- _Collected data_
━━━━━━

lemma trace_unitary_conj:
  assumes U: "unitary d U" and X: "X \<in> carrier_mat d d"
  shows "trace (U * X * adj U) = trace X"
proof -
  note carr = unitary_carrier_mat[OF U]
  have "trace (U * X * adj U) = trace (adj U * (U * X))"
    using carr X by (intro trace_mult_comm) auto
  also have "\<dots> = trace X"
    using U carr X unfolding unitary_def by (simp add: assoc_mult_mat[of _ d d _ d _ d, symmetric])
  finally show ?thesis .
qed

lemma unitary_conj_adj_conj:
  assumes U: "unitary d U" and X: "X \<in> carrier_mat d d"
  shows "U * (adj U * X * U) * adj U = X"
proof -
  note carr = unitary_carrier_mat[OF U]
  have "U * (adj U * X * U) * adj U = (U * adj U) * X * (U * adj U)"
    using carr X by (simp add: assoc_mult_mat[of _ d d _ d _ d])
  then show ?thesis
    using U X unfolding unitary_def by simp
qed

definition qform :: "complex mat \<Rightarrow> complex vec \<Rightarrow> complex" where
  "qform A v = (\<Sum>i<dim_vec v. cnj (v $ i) * (A *\<^sub>v v) $ i)"

lemma psd_iff_qform:
  "psd d A \<longleftrightarrow> A \<in> carrier_mat d d \<and> (\<forall>v \<in> carrier_vec d. Im (qform A v) = 0 \<and> 0 \<le> Re (qform A v))"
  unfolding psd_def qform_def by auto

lemma sum_cnj_mult_mat_vec:
  assumes U: "U \<in> carrier_mat n m" and v: "v \<in> carrier_vec n" and x: "x \<in> carrier_vec m"
  shows "(\<Sum>i<n. cnj (v $ i) * (U *\<^sub>v x) $ i) = (\<Sum>k<m. cnj ((adj U *\<^sub>v v) $ k) * x $ k)"
proof -
  have "(\<Sum>i<n. cnj (v $ i) * (U *\<^sub>v x) $ i) = (\<Sum>i<n. \<Sum>k<m. cnj (v $ i) * U $$ (i, k) * x $ k)"
    using U v x by (auto simp: scalar_prod_def sum_distrib_left atLeast0LessThan mult.assoc intro!: sum.cong)
  also have "\<dots> = (\<Sum>k<m. \<Sum>i<n. cnj (v $ i) * U $$ (i, k) * x $ k)"
    by (rule sum.swap)
  also have "\<dots> = (\<Sum>k<m. cnj ((adj U *\<^sub>v v) $ k) * x $ k)"
    using U v x by (auto simp: scalar_prod_def sum_distrib_left atLeast0LessThan mult_ac intro!: sum.cong)
  finally show ?thesis .
qed

lemma qform_congruence:
  assumes A: "A \<in> carrier_mat d d" and V: "V \<in> carrier_mat d d" and v: "v \<in> carrier_vec d"
  shows "qform (adj V * A * V) v = qform A (V *\<^sub>v v)"
proof -
  have aV: "adj V \<in> carrier_mat d d" using V by (rule adj_carrier_mat)
  have "(adj V * A * V) *\<^sub>v v = adj V *\<^sub>v (A *\<^sub>v (V *\<^sub>v v))"
    using A V aV v by (simp add: assoc_mult_mat_vec[of _ d d _ d])
  then show ?thesis
    using sum_cnj_mult_mat_vec[OF aV v, of "A *\<^sub>v (V *\<^sub>v v)"] A V v
    unfolding qform_def by simp
qed

lemma psd_congruence:
  assumes A: "psd d A" and V: "V \<in> carrier_mat d d"
  shows "psd d (adj V * A * V)"
proof -
  have Ac: "A \<in> carrier_mat d d" using A unfolding psd_iff_qform by blast
  show ?thesis
    using A V adj_carrier_mat[OF V] unfolding psd_iff_qform
    by (auto simp: qform_congruence[OF Ac V] intro!: mult_carrier_mat)
qed

lemma dim_diagm [simp]: "dim_row (diagm p) = dim_vec p" "dim_col (diagm p) = dim_vec p"
  unfolding diagm_def by auto

lemma diagm_carrier_mat [simp]: "p \<in> carrier_vec d \<Longrightarrow> diagm p \<in> carrier_mat d d"
  unfolding diagm_def by auto

lemma index_diagm:
  "p \<in> carrier_vec d \<Longrightarrow> i < d \<Longrightarrow> j < d \<Longrightarrow>
   diagm p $$ (i, j) = (if i = j then complex_of_real (p $ i) else 0)"
  unfolding diagm_def by auto

lemma index_diagm_mult_vec:
  assumes p: "p \<in> carrier_vec d" and v: "v \<in> carrier_vec d" and i: "i < d"
  shows "(diagm p *\<^sub>v v) $ i = complex_of_real (p $ i) * v $ i"
proof -
  have "(diagm p *\<^sub>v v) $ i = (\<Sum>k<d. (if i = k then complex_of_real (p $ i) else 0) * v $ k)"
    using p v i by (auto simp: scalar_prod_def atLeast0LessThan index_diagm intro!: sum.cong)
  then show ?thesis
    using i by (simp add: if_distrib[of "\<lambda>x. x * _"] cong: if_cong)
qed

lemma qform_diagm:
  assumes p: "p \<in> carrier_vec d" and v: "v \<in> carrier_vec d"
  shows "qform (diagm p) v = complex_of_real (\<Sum>i<d. p $ i * (cmod (v $ i))\<^sup>2)"
proof -
  have "cnj (v $ i) * (diagm p *\<^sub>v v) $ i = complex_of_real (p $ i * (cmod (v $ i))\<^sup>2)"
    if "i < d" for i
    using that by (simp add: index_diagm_mult_vec[OF p v] mult_ac flip: complex_norm_square)
  then show ?thesis
    using v unfolding qform_def by simp
qed

lemma psd_diagm:
  assumes p: "p \<in> carrier_vec d" and nonneg: "\<forall>i<d. 0 \<le> p $ i"
  shows "psd d (diagm p)"
  using p nonneg unfolding psd_iff_qform by (auto simp: qform_diagm intro!: sum_nonneg)

lemma trace_mult_diagm:
  assumes M: "M \<in> carrier_mat d d" and q: "q \<in> carrier_vec d"
  shows "trace (M * diagm q) = (\<Sum>i<d. M $$ (i, i) * complex_of_real (q $ i))"
proof -
  have "trace (M * diagm q) = (\<Sum>i<d. \<Sum>k<d. M $$ (i, k) * diagm q $$ (k, i))"
    using M q by (simp add: trace_mult)
  also have "\<dots> = (\<Sum>i<d. M $$ (i, i) * complex_of_real (q $ i))"
    using q by (intro sum.cong refl) (simp add: index_diagm if_distrib cong: if_cong)
  finally show ?thesis .
qed

lemma trace_diagm: "q \<in> carrier_vec d \<Longrightarrow> trace (diagm q) = (\<Sum>i<d. complex_of_real (q $ i))"
  unfolding trace_def diagm_def by auto

lemma qform_unit_vec:
  assumes A: "A \<in> carrier_mat d d" and i: "i < d"
  shows "qform A (unit_vec d i) = A $$ (i, i)"
proof -
  have "(A *\<^sub>v unit_vec d i) $ k = A $$ (k, i)" if "k < d" for k
    using A i that by (auto simp: scalar_prod_def atLeast0LessThan unit_vec_def
      if_distrib[of "\<lambda>x. _ * x"] cong: if_cong)
  then show ?thesis
    using i unfolding qform_def by (simp add: if_distrib[of cnj] if_distrib[of "\<lambda>x. x * _"] cong: if_cong)
qed

lemma sum_two_deltas:
  fixes f :: "nat \<Rightarrow> 'a::comm_ring_1"
  assumes "i < d" "j < d" "i \<noteq> j"
  shows "(\<Sum>l<d. f l * ((if l = i then a else 0) + (if l = j then b else 0))) = f i * a + f j * b"
  using assms by (simp add: distrib_left sum.distrib if_distrib[of "\<lambda>x. _ * x"] cong: if_cong)

lemma qform_two_entries:
  assumes A: "A \<in> carrier_mat d d" and ij: "i < d" "j < d" "i \<noteq> j"
  shows "qform A (vec d (\<lambda>l. (if l = i then a else 0) + (if l = j then b else 0)))
     = (A $$ (i, i) * a + A $$ (i, j) * b) * cnj a + (A $$ (j, i) * a + A $$ (j, j) * b) * cnj b"
proof -
  let ?v = "vec d (\<lambda>l. (if l = i then a else 0) + (if l = j then b else 0))"
  have "(A *\<^sub>v ?v) $ k = A $$ (k, i) * a + A $$ (k, j) * b" if "k < d" for k
    using A that sum_two_deltas[OF ij, of "\<lambda>l. A $$ (k, l)"]
    by (auto simp: scalar_prod_def atLeast0LessThan intro!: sum.cong)
  then have "qform A ?v = (\<Sum>k<d. (A $$ (k, i) * a + A $$ (k, j) * b) *
      ((if k = i then cnj a else 0) + (if k = j then cnj b else 0)))"
    unfolding qform_def by (auto simp: mult.commute intro!: sum.cong)
  then show ?thesis
    using sum_two_deltas[OF ij] by simp
qed

lemma psd_diag_entry:
  assumes A: "psd d A" and i: "i < d"
  shows "Im (A $$ (i, i)) = 0" "0 \<le> Re (A $$ (i, i))"
  using A qform_unit_vec[OF _ i, of A] unit_vec_carrier[of d i]
  unfolding psd_iff_qform by metis+

lemma psd_entry_cnj:
  assumes A: "psd d A" and i: "i < d" and j: "j < d"
  shows "A $$ (j, i) = cnj (A $$ (i, j))"
proof (cases "i = j")
  case True
  then show ?thesis using psd_diag_entry[OF A i] by (simp add: complex_eq_iff)
next
  case False
  have Ac: "A \<in> carrier_mat d d" using A unfolding psd_iff_qform by blast
  have "Im (qform A (vec d (\<lambda>l. (if l = i then 1 else 0) + (if l = j then b else 0)))) = 0" for b
    using A unfolding psd_iff_qform by auto
  from this[of 1] this[of \<i>] psd_diag_entry(1)[OF A i] psd_diag_entry(1)[OF A j]
  show ?thesis
    by (simp add: qform_two_entries[OF Ac i j False] complex_eq_iff algebra_simps)
qed

lemma sum_diag_square_le_trace_square:
  assumes A: "psd d A"
  shows "(\<Sum>i<d. (Re (A $$ (i, i)))\<^sup>2) \<le> Re (trace (A * A))"
proof -
  have Ac: "A \<in> carrier_mat d d" using A unfolding psd_iff_qform by blast
  have "(\<Sum>i<d. (Re (A $$ (i, i)))\<^sup>2) \<le> (\<Sum>i<d. (cmod (A $$ (i, i)))\<^sup>2)"
    by (intro sum_mono) (metis abs_Re_le_cmod abs_ge_zero power2_abs power_mono)
  also have "\<dots> \<le> (\<Sum>i<d. \<Sum>k<d. (cmod (A $$ (i, k)))\<^sup>2)"
    by (intro sum_mono member_le_sum[where f = "\<lambda>k. (cmod (A $$ (_, k)))\<^sup>2"]) auto
  also have "\<dots> = (\<Sum>i<d. \<Sum>k<d. Re (A $$ (i, k) * A $$ (k, i)))"
  proof (intro sum.cong refl)
    fix i k assume "i \<in> {..<d}" "k \<in> {..<d}"
    then have "A $$ (k, i) = cnj (A $$ (i, k))" by (intro psd_entry_cnj[OF A]) auto
    then show "(cmod (A $$ (i, k)))\<^sup>2 = Re (A $$ (i, k) * A $$ (k, i))"
      by (simp add: complex_mult_cnj cmod_power2)
  qed
  also have "\<dots> = Re (trace (A * A))"
    by (simp add: trace_mult[OF Ac Ac] Re_sum)
  finally show ?thesis .
qed

definition real_diag :: "complex mat \<Rightarrow> real vec" where
  "real_diag A = vec (dim_row A) (\<lambda>i. Re (A $$ (i, i)))"

lemma real_diag_carrier_vec: "A \<in> carrier_mat d d \<Longrightarrow> real_diag A \<in> carrier_vec d"
  unfolding real_diag_def by auto

lemma real_diag_diagm [simp]: "real_diag (diagm p) = p"
  unfolding real_diag_def diagm_def by auto

lemma Re_trace_mult_diagm:
  assumes M: "M \<in> carrier_mat d d" and q: "q \<in> carrier_vec d"
  shows "Re (trace (M * diagm q)) = real_diag M \<bullet> q"
proof -
  have "trace (M * diagm q) = (\<Sum>i<d. M $$ (i, i) * complex_of_real (q $ i))"
    using M q by (rule trace_mult_diagm)
  then show ?thesis
    using M q by (simp add: Re_sum scalar_prod_def atLeast0LessThan real_diag_def)
qed

lemma St_unitary_conj:
  assumes U: "unitary d U" and rho: "\<rho> \<in> St d t"
  shows "U * \<rho> * adj U \<in> St d t"
proof -
  note carr = unitary_carrier_mat[OF U]
  have rc: "\<rho> \<in> carrier_mat d d" and psd: "psd d \<rho>" and tr: "trace \<rho> = 1"
    and purity: "Re (trace (\<rho> * \<rho>)) \<le> t"
    using rho unfolding St_def by auto
  have "U * \<rho> * adj U \<in> carrier_mat d d"
    using carr rc by auto
  moreover have "psd d (U * \<rho> * adj U)"
    using psd_congruence[OF psd carr(2)] by simp
  moreover have "trace (U * \<rho> * adj U) = 1"
    using trace_unitary_conj[OF U rc] tr by (rule trans)
  moreover have "Re (trace ((U * \<rho> * adj U) * (U * \<rho> * adj U))) \<le> t"
    using purity U rc by (simp add: unitary_conj_mult trace_unitary_conj)
  ultimately show ?thesis
    unfolding St_def by blast
qed

lemma diagm_in_St:
  assumes p: "p \<in> Pt d t"
  shows "diagm p \<in> St d t"
proof -
  have pc: "p \<in> carrier_vec d" and "\<forall>i<d. 0 \<le> p $ i" "(\<Sum>i<d. p $ i) = 1" "p \<bullet> p \<le> t"
    using p unfolding Pt_def by auto
  moreover have "trace (diagm p) = complex_of_real (\<Sum>i<d. p $ i)"
    using pc by (simp add: trace_diagm)
  moreover have "Re (trace (diagm p * diagm p)) = p \<bullet> p"
    using Re_trace_mult_diagm[OF diagm_carrier_mat[OF pc] pc] by simp
  ultimately show ?thesis
    unfolding St_def by (simp add: psd_diagm)
qed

━━━━━━

- _Task instructions_
Where the word "rule" shows up in a line of the records above, count that line; then give the count by itself.

- _Your solution_
4